Football should never be an excuse for inappropriate behaviour from anyone. It's true that domestic violence cases increase when England play football, and even in specific areas when certain teams play. Other violence is also increased, but domestic violence more so. And this is almost always male violence, and often towards women.

When we excuse a grown adult male swearing and screaming at a TV screen, just because he doesn't like what's happening, then we start towards a dodgy route towards the rest of the aggression and violence.

Being annoyed and fed up, fine. Saying the odd word/comment, even swearing, towards the screen - not perfect but can be understandable. Screaming, shouting and using harsh swear words, whilst visitors are in the house as well and after other house members have asked for it to stop - very much inappropriate behaviour.

Abraxan · 14/04/2022 13:34

Why is almost always only football given the same 'protection' when it comes to accepting this level of aggressive shouting and swearing?

We wouldn't find it acceptable at a swimming competition, a netball match, a dressage event, a dance competition, etc would we?

FrankLampardsBrokenHand · 14/04/2022 15:26

I think its pretty weird that people are trying to compare watching football with watching snooker or a dance competition.

The kid is 15, so will no doubt hear or use the word cunt on a daily basis. That said, the chap should have modified his behaviour with guests being present.

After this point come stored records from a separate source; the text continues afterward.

lemma bij_betw_extend_draws:
  assumes "h \<in> PiE (draws_before k) (\<lambda>_. {1..m})"
  shows "bij_betw (\<lambda>(\<tau>, \<sigma>). extend_draws k h \<tau> \<sigma>) (node_draws m \<times> node_draws m)
           (completions m (draws_upto k) (draws_before k :: (bool \<times> nat \<times> 'n::finite) set) h)"
proof -
  let ?C = "completions m (draws_upto k) (draws_before k :: (bool \<times> nat \<times> 'n) set) h"
  define extend where "extend = (\<lambda>(\<tau>, \<sigma>). extend_draws k h \<tau> \<sigma>)"
  define round_draws where "round_draws v = ((\<lambda>i. v (True, k, i)), (\<lambda>i. v (False, k, i)))"
    for v :: "bool \<times> nat \<times> 'n \<Rightarrow> nat"
  have "extend (round_draws v) = v" if "v \<in> ?C" for v
  proof -
    from that have "v \<in> extensional (draws_upto k)" and h: "restrict v (draws_before k) = h"
      by (auto simp: completions_def PiE_def)
    moreover have "h (b, t, i) = v (b, t, i)" if "t < k" for b t i
      using that by (simp add: h[symmetric])
    ultimately show ?thesis
      by (auto simp: extend_def round_draws_def fun_eq_iff extend_draws_apply extensional_def)
  qed
  moreover have "round_draws (extend p) = p" for p
    by (auto simp: extend_def round_draws_def extend_draws_apply fun_eq_iff split: prod.split)
  moreover have "extend ` (node_draws m \<times> node_draws m) \<subseteq> ?C"
    using assms
    by (auto simp: extend_def completions_def PiE_iff extend_draws_apply fun_eq_iff extensional_def)
  moreover have "round_draws ` ?C \<subseteq> node_draws m \<times> node_draws m"
    by (auto simp: round_draws_def completions_def PiE_iff)
  ultimately show ?thesis
    unfolding extend_def[symmetric] by (intro bij_betw_byWitness[where f' = round_draws]) auto
qed

lemma gt_saga_completion_average_le:
  fixes W :: "real^'n::finite^'n" and grad :: "'n \<Rightarrow> nat \<Rightarrow> 'v \<Rightarrow> 'v::euclidean_space"
    and m :: nat and \<alpha> :: real and x0 :: 'v and h :: "bool \<times> nat \<times> 'n \<Rightarrow> nat" and k :: nat
  assumes m: "m \<ge> 1"
    and smooth: "\<And>i j u v. j \<in> {1..m} \<Longrightarrow> norm (grad i j u - grad i j v) \<le> L * norm (u - v)"
    and step: "\<alpha>\<^sup>2 * L\<^sup>2 \<le> real CARD('n) / (8 * real m)"
    and col: "\<And>r. (\<Sum>i\<in>UNIV. W $ i $ r) = 1"
    and h: "h \<in> PiE (draws_before k) (\<lambda>_. {1..m})"
  defines "x \<equiv> gt_x W grad m \<alpha> x0 (tau_draws h) (s_draws h) k"
    and "z \<equiv> gt_z W grad m \<alpha> x0 (tau_draws h) (s_draws h) k"
    and "C \<equiv> completions m (draws_upto k) (draws_before k) h"
  shows "(\<Sum>v\<in>C. tk m (gt_x W grad m \<alpha> x0 (tau_draws v) (s_draws v) (Suc k))
                     (gt_z W grad m \<alpha> x0 (tau_draws v) (s_draws v) (Suc k))) / real (card C)
     \<le> (1 - 1 / (4 * real m)) * tk m x z + 4 * real m * \<alpha>\<^sup>2 * (norm (avg_grad grad m x))\<^sup>2
        + 9 / (4 * real m * real CARD('n)) * consensus_err x"
proof -
  let ?T = "node_draws m :: ('n \<Rightarrow> nat) set"
  define next_spread where
    "next_spread v = tk m (gt_x W grad m \<alpha> x0 (tau_draws v) (s_draws v) (Suc k))
                          (gt_z W grad m \<alpha> x0 (tau_draws v) (s_draws v) (Suc k))" for v
  have bij: "bij_betw (\<lambda>(\<tau>, \<sigma>). extend_draws k h \<tau> \<sigma>) (?T \<times> ?T) C"
    unfolding C_def by (rule bij_betw_extend_draws[OF h])
  have extended: "next_spread (extend_draws k h \<tau> \<sigma>)
      = table_spread m (avg x - \<alpha> *\<^sub>R avg (gt_g grad m x z \<tau>)) (saga_refresh x z \<sigma>)" for \<tau> \<sigma>
  proof -
    let ?v = "extend_draws k h \<tau> \<sigma>"
    have "gt_saga W grad m \<alpha> x0 (tau_draws ?v) (s_draws ?v) k
        = gt_saga W grad m \<alpha> x0 (tau_draws h) (s_draws h) k"
      by (rule gt_saga_cong_draws)
        (simp add: tau_draws_def s_draws_def extend_draws_apply fun_eq_iff)
    then have x: "gt_x W grad m \<alpha> x0 (tau_draws ?v) (s_draws ?v) k = x"
      and z: "gt_z W grad m \<alpha> x0 (tau_draws ?v) (s_draws ?v) k = z"
      by (simp_all add: x_def z_def gt_x_def gt_z_def)
    have "tau_draws ?v k = \<tau>" "s_draws ?v k = \<sigma>"
      by (simp_all add: tau_draws_def s_draws_def extend_draws_apply fun_eq_iff)
    then show ?thesis
      using tk_gt_saga_Suc[OF col, of m grad \<alpha> x0 "tau_draws ?v" "s_draws ?v" k]
      unfolding next_spread_def x z by simp
  qed
  have "(\<Sum>v\<in>C. next_spread v)
      = (\<Sum>\<tau>\<in>?T. \<Sum>\<sigma>\<in>?T. table_spread m (avg x - \<alpha> *\<^sub>R avg (gt_g grad m x z \<tau>)) (saga_refresh x z \<sigma>))"
    unfolding sum.reindex_bij_betw[OF bij, symmetric] sum.cartesian_product
    by (auto intro!: sum.cong simp: extended)
  moreover have "real (card C) = (real (card ?T))\<^sup>2"
    using bij_betw_same_card[OF bij]
    by (simp add: card_cartesian_product power2_eq_square flip: of_nat_mult)
  ultimately show ?thesis
    using expected_table_spread_step_le[OF m smooth step] by (simp add: next_spread_def)
qed

lemma step_size_sq_le:
  assumes "L > 0" "m \<ge> 1" "0 < \<alpha>" "\<alpha> \<le> sqrt N / (sqrt (8 * real m) * L)"
  shows "\<alpha>\<^sup>2 * L\<^sup>2 \<le> N / (8 * real m)"
proof -
  have le: "\<alpha> * (sqrt (8 * real m) * L) \<le> sqrt N"
    using assms by (simp add: le_divide_eq)
  have pos: "0 < \<alpha> * (sqrt (8 * real m) * L)"
    using assms by simp
  have "0 < N"
    using le pos real_sqrt_gt_0_iff by fastforce
  have "(\<alpha> * (sqrt (8 * real m) * L))\<^sup>2 \<le> (sqrt N)\<^sup>2"
    using le pos by (intro power_mono) auto
  then show ?thesis
    using assms \<open>0 < N\<close> by (simp add: power_mult_distrib le_divide_eq algebra_simps)
qed

lemma gt_saga_restrict_draws:
  assumes "\<And>b t i. t < k \<Longrightarrow> (b, t, i) \<in> J"
  shows "gt_saga W grad m \<alpha> x0 (tau_draws (restrict v J)) (s_draws (restrict v J)) k
       = gt_saga W grad m \<alpha> x0 (tau_draws v) (s_draws v) k"
  using assms by (intro gt_saga_cong_draws) (simp add: tau_draws_def s_draws_def fun_eq_iff)

lemma filt_eq_sigma_draws_before:
  "filt M tau s k
     = sigma (space M)
         {(\<lambda>(b, t, i). if b then tau t i else s t i) j -` A \<inter> space M | j A. j \<in> draws_before k}"
proof -
  have "{(\<lambda>(b, t, i). if b then tau t i else s t i) j -` A \<inter> space M | j A. j \<in> draws_before k}
      = (\<Union>b. {(if b then tau t i else s t i) -` A \<inter> space M | t i A. t < k})"
    by (auto simp: draws_before_def)
  also have "\<dots> = {tau t i -` A \<inter> space M | t i A. t < k} \<union> {s t i -` A \<inter> space M | t i A. t < k}"
    by (auto simp: UNIV_bool)
  finally show ?thesis
    by (simp add: filt_def)
qed
(* Let $(X,d)$ be a u.l.f. metric space, $h\colon X\to\mathbb{R}$ coarse, and $\beta\in\mathbb{R}$. Let $\varphi$ be a state on $\ell_\infty(X)$. Then $\varphi\circ E$ is a $(\sigma_h,\beta)$-KMS state on $\mathrm{C}^*_u(X)$ if and only if for every partial translation $f\colon A\to f(A)$ of $X$, $$\varphi(\chi_{f(A)})=\varphi(g_f),$$ where $g_f\in\ell_\infty(X)$ is given by $g_f(x)=e^{\beta(h(x)-h(f(x)))}$ for $x\in A$ and $g_f(x)=0$ for $x\notin A$.
   Context: A metric space is u.l.f. if for every $r>0$ the cardinalities of its balls of radius $r$ are uniformly bounded. $\mathrm{C}^*_u(X)$ is the norm closure of the $^*$-algebra of operators $a$ on $\ell_2(X)$ with $\sup\{d(x,y):a_{x,y}\neq0\}<\infty$, $a_{x,y}=\langle a\delta_y,\delta_x\rangle$. $\ell_\infty(X)$ is identified with the diagonal operators; $\chi_B$ is the projection onto $\ell_2(B)$; $E\colon\mathrm{C}^*_u(X)\to\ell_\infty(X)$ is the canonical conditional expectation keeping only the diagonal entries $a_{x,x}$. A partial translation of $X$ is a bijection $f\colon A\to B$ between subsets of $X$ with $\sup_{x\in A}d(x,f(x))<\infty$ (so $g_f$ is bounded). $h$ is coarse if for each $r>0$ there is $s>0$ with $d(x,y)<r\Rightarrow|h(x)-h(y)|<s$. $\sigma_{h,t}(a)=e^{it\bar h}ae^{-it\bar h}$ with $e^{it\bar h}\delta_x=e^{ith(x)}\delta_x$. A state $\varphi$ is $(\sigma_h,\beta)$-KMS if $\varphi(a\sigma_{h,i\beta}(b))=\varphi(ba)$ for all $a$ and all analytic $b$ (those for which $t\mapsto\sigma_{h,t}(b)$ extends to an entire function). *)

theory Defs
  imports "HOL-Analysis.Analysis"
begin

text \<open>Operators on ell2(X) are represented by their matrices
  a x y = <a delta_y, delta_x>, i.e. functions of type 'a => 'a => complex.
  The metric space X is the whole type 'a (class metric_space).\<close>

type_synonym 'a mat = "'a \<Rightarrow> 'a \<Rightarrow> complex"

I get very passionate watching my team play. Especially if we've been wronged (the fella who's wife called the ref a blind cheating cunt probably supports the same team as me). Much worse at the game, I've come away with a hoarse throat. You just get absorbed into it.

Obviously the real issue with the situation isn't him shouting at the telly. It's his overreacting to everyday occurrences. That isn't on, and nobody should have to live in fear of dropping something to avoid an earful.

Not entirely sure why the comments on DV are relevant to this post, as the OP hasn't said anything which alludes to him being violent, so as much as the stats paint a grim picture, the insinuation that being a passionate football supporter means you're going to take your temper out on someone with your fists is really not well placed.